Dataset: Immigration to Canada from 1980 to 2013 - International migration flows to and from selected countries - The 2015 revision from United Nation's website.

The dataset contains annual data on the flows of international migrants as recorded by the countries of destination. The data presents both inflows and outflows according to the place of birth, citizenship or place of previous / next residence both for foreigners and nationals. For this lesson, we will focus on the Canadian Immigration data.
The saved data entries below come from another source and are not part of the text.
(* Let $\nu\in A_2$. Then $\mathcal W_\nu(\mathbb R^n)\subset\mathrm{VMO}_\nu(\mathbb R^n)$.
   Context: $A_2$: weights $w$ with $\sup_Q(\frac1{|Q|}\int_Qw)(\frac1{|Q|}\int_Qw^{-1})<\infty$; $w(E)=\int_Ew$. $\mathrm{VMO}_\nu(\mathbb R^n)$: $b\in L^1_{loc}$ with $\sup_B\frac1{\nu(B)}\int_B|b-\langle b\rangle_B|<\infty$ over balls, this quantity tending to $0$ uniformly as the radius $\to0$, as the radius $\to\infty$, and for $B\subset\mathbb R^n\setminus B(x_0,a)$ as $a\to\infty$ ($x_0$ fixed). $\mathcal D$ is the standard dyadic system, $cQ$ the concentric dilate. $\ell^{n,\infty}$: sequences with $\sup_kk^{1/n}a_k^*<\infty$. $\mathcal W_\nu(\mathbb R^n)$: $b\in L^1_{loc}$ such that $\big\{\frac1{\nu(20\sqrt nQ)}\int_{20\sqrt nQ}|b-\langle b\rangle_{20\sqrt nQ}|\big\}_{Q\in\mathcal D}\in\ell^{n,\infty}$. *)

theory Defs
  imports "HOL-Analysis.Analysis"
begin

definition cube :: "real^'n \<Rightarrow> real \<Rightarrow> (real^'n) set" where
  "cube c l = {x. \<forall>i. \<bar>x$i - c$i\<bar> < l / 2}"

definition wmeas :: "(real^'n \<Rightarrow> real) \<Rightarrow> (real^'n) set \<Rightarrow> real" where
  "wmeas w E = (LINT x:E|lebesgue. w x)"
(* Let $X$ be an infinite-dimensional complex Banach space and $\mathbb{X}$ a compact topological space with at most countably many connected components. Then for every $\mathcal{T}\in\mathcal{C}(\mathbb{X},L(X))$ the Weyl spectrum $\sigma_W(\mathcal{T})$ is a closed subset of $\mathbb{C}$, and the map $\mathcal{T}\mapsto\sigma_W(\mathcal{T})$ is upper semi-continuous: whenever $\mathcal{T}_n\to\mathcal{T}$ in $\mathcal{C}(\mathbb{X},L(X))$, one has $\limsup_{n\to\infty}\sigma_W(\mathcal{T}_n)\subset\sigma_W(\mathcal{T})$.
   Context: $L(X)$ is the algebra of bounded operators, $Fred(X)$ the Fredholm operators, $ind(T)=\dim N(T)-\operatorname{codim}R(T)$. $\mathcal{C}(\mathbb{X},L(X))$ is the Banach algebra of norm-continuous maps $\mathbb{X}\to L(X)$ with pointwise operations and norm $\|\mathcal{T}\|=\sup_x\|\mathcal{T}_x\|$, where $\mathcal{T}_x=\mathcal{T}(x)$; $\mathcal{I}$ is the constant family $x\mapsto I$. $\mathcal{T}$ is a Weyl family if $\mathcal{T}_x\in Fred(X)$ and $ind(\mathcal{T}_x)=0$ for all $x\in\mathbb{X}$. The Weyl spectrum is $\sigma_W(\mathcal{T})=\{\lambda\in\mathbb{C}:\mathcal{T}-\lambda\mathcal{I}\text{ is not a Weyl family}\}$. For sets $A_n\subset\mathbb{C}$, $\limsup A_n$ (Kuratowski upper limit) is the set of $\lambda$ such that every neighborhood of $\lambda$ meets infinitely many $A_n$. *)

theory Defs
  imports "HOL-Analysis.Analysis"
begin

class complex_banach = banach +
  fixes cscale :: "complex \<Rightarrow> 'a \<Rightarrow> 'a"
  assumes cscale_of_real: "cscale (complex_of_real r) x = r *\<^sub>R x"
    and cscale_add_left: "cscale (a + b) x = cscale a x + cscale b x"
    and cscale_add_right: "cscale a (x + y) = cscale a x + cscale a y"
    and cscale_cscale: "cscale a (cscale b x) = cscale (a * b) x"
    and norm_cscale: "norm (cscale a x) = cmod a * norm x"

definition cspan :: "'a::complex_banach set \<Rightarrow> 'a set" where
  "cspan B = {x. \<exists>F c. finite F \<and> F \<subseteq> B \<and> x = (\<Sum>v\<in>F. cscale (c v) v)}"

definition cdim :: "'a::complex_banach set \<Rightarrow> nat" where
  "cdim S = (LEAST n. \<exists>B. finite B \<and> card B = n \<and> B \<subseteq> S \<and> S \<subseteq> cspan B)"

text \<open>Codimension of a subspace R, i.e. dim (X / R).\<close>
definition ccodim :: "'a::complex_banach set \<Rightarrow> nat" where
  "ccodim R = (LEAST n. \<exists>B. finite B \<and> card B = n \<and> cspan (R \<union> B) = UNIV)"

definition infinite_dimensional :: "'a::complex_banach itself \<Rightarrow> bool" where
  "infinite_dimensional _ \<longleftrightarrow> \<not> (\<exists>B::'a set. finite B \<and> cspan B = UNIV)"

text \<open>Bounded operators L(X): bounded (real-)linear maps that are complex linear.\<close>
definition is_cbounded :: "('a::complex_banach \<Rightarrow>\<^sub>L 'a) \<Rightarrow> bool" where
  "is_cbounded T \<longleftrightarrow> (\<forall>c x. blinfun_apply T (cscale c x) = cscale c (blinfun_apply T x))"

definition kernel :: "('a::complex_banach \<Rightarrow> 'a) \<Rightarrow> 'a set" where
  "kernel f = {x. f x = 0}"

definition fredholm :: "('a::complex_banach \<Rightarrow> 'a) \<Rightarrow> bool" where
  "fredholm f \<longleftrightarrow> (\<exists>B. finite B \<and> kernel f \<subseteq> cspan B)
                   \<and> (\<exists>B. finite B \<and> cspan (range f \<union> B) = UNIV)"

definition findex :: "('a::complex_banach \<Rightarrow> 'a) \<Rightarrow> int" where
  "findex f = int (cdim (kernel f)) - int (ccodim (range f))"

definition weyl_family :: "('x \<Rightarrow> ('a::complex_banach \<Rightarrow> 'a)) \<Rightarrow> bool" where
  "weyl_family T \<longleftrightarrow> (\<forall>x. fredholm (T x) \<and> findex (T x) = 0)"

definition weyl_spectrum :: "('x \<Rightarrow> ('a::complex_banach \<Rightarrow>\<^sub>L 'a)) \<Rightarrow> complex set" where
  "weyl_spectrum T = {z. \<not> weyl_family (\<lambda>x v. blinfun_apply (T x) v - cscale z v)}"

definition kuratowski_limsup :: "(nat \<Rightarrow> 'b::topological_space set) \<Rightarrow> 'b set" where
  "kuratowski_limsup A = {z. \<forall>U. open U \<and> z \<in> U \<longrightarrow> infinite {n. A n \<inter> U \<noteq> {}}}"

end

theory Submission
  imports Defs
begin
# **Downloading and Prepping Data**
Import Primary Modules. The first thing we'll do is import two key data analysis modules: pandas and **Numpy**.

In [37]:
import numpy as np 
import pandas as pd 

Let's download and import our primary Canadian Immigration dataset using *pandas read_excel()* method. Normally, before we can do that, we would need to download a module which pandas requires to read in excel files. This module is xlrd. For your convenience, we have pre-installed this module, so you would not have to worry about that. Otherwise, you would need to run the following line of code to install the xlrd module:

!conda install -c anaconda xlrd --yes

Download the dataset and read it into a pandas dataframe.

In [38]:
df_can = pd.read_excel('https://cf-courses-data.s3.us.cloud-object-storage.appdomain.cloud/IBMDeveloperSkillsNetwork-DV0101EN-SkillsNetwork/Data%20Files/Canada.xlsx',
                       sheet_name='Canada by Citizenship',
                       skiprows=range(20),
                       skipfooter=2
                      )
print('Data downloaded and read into a dataframe!')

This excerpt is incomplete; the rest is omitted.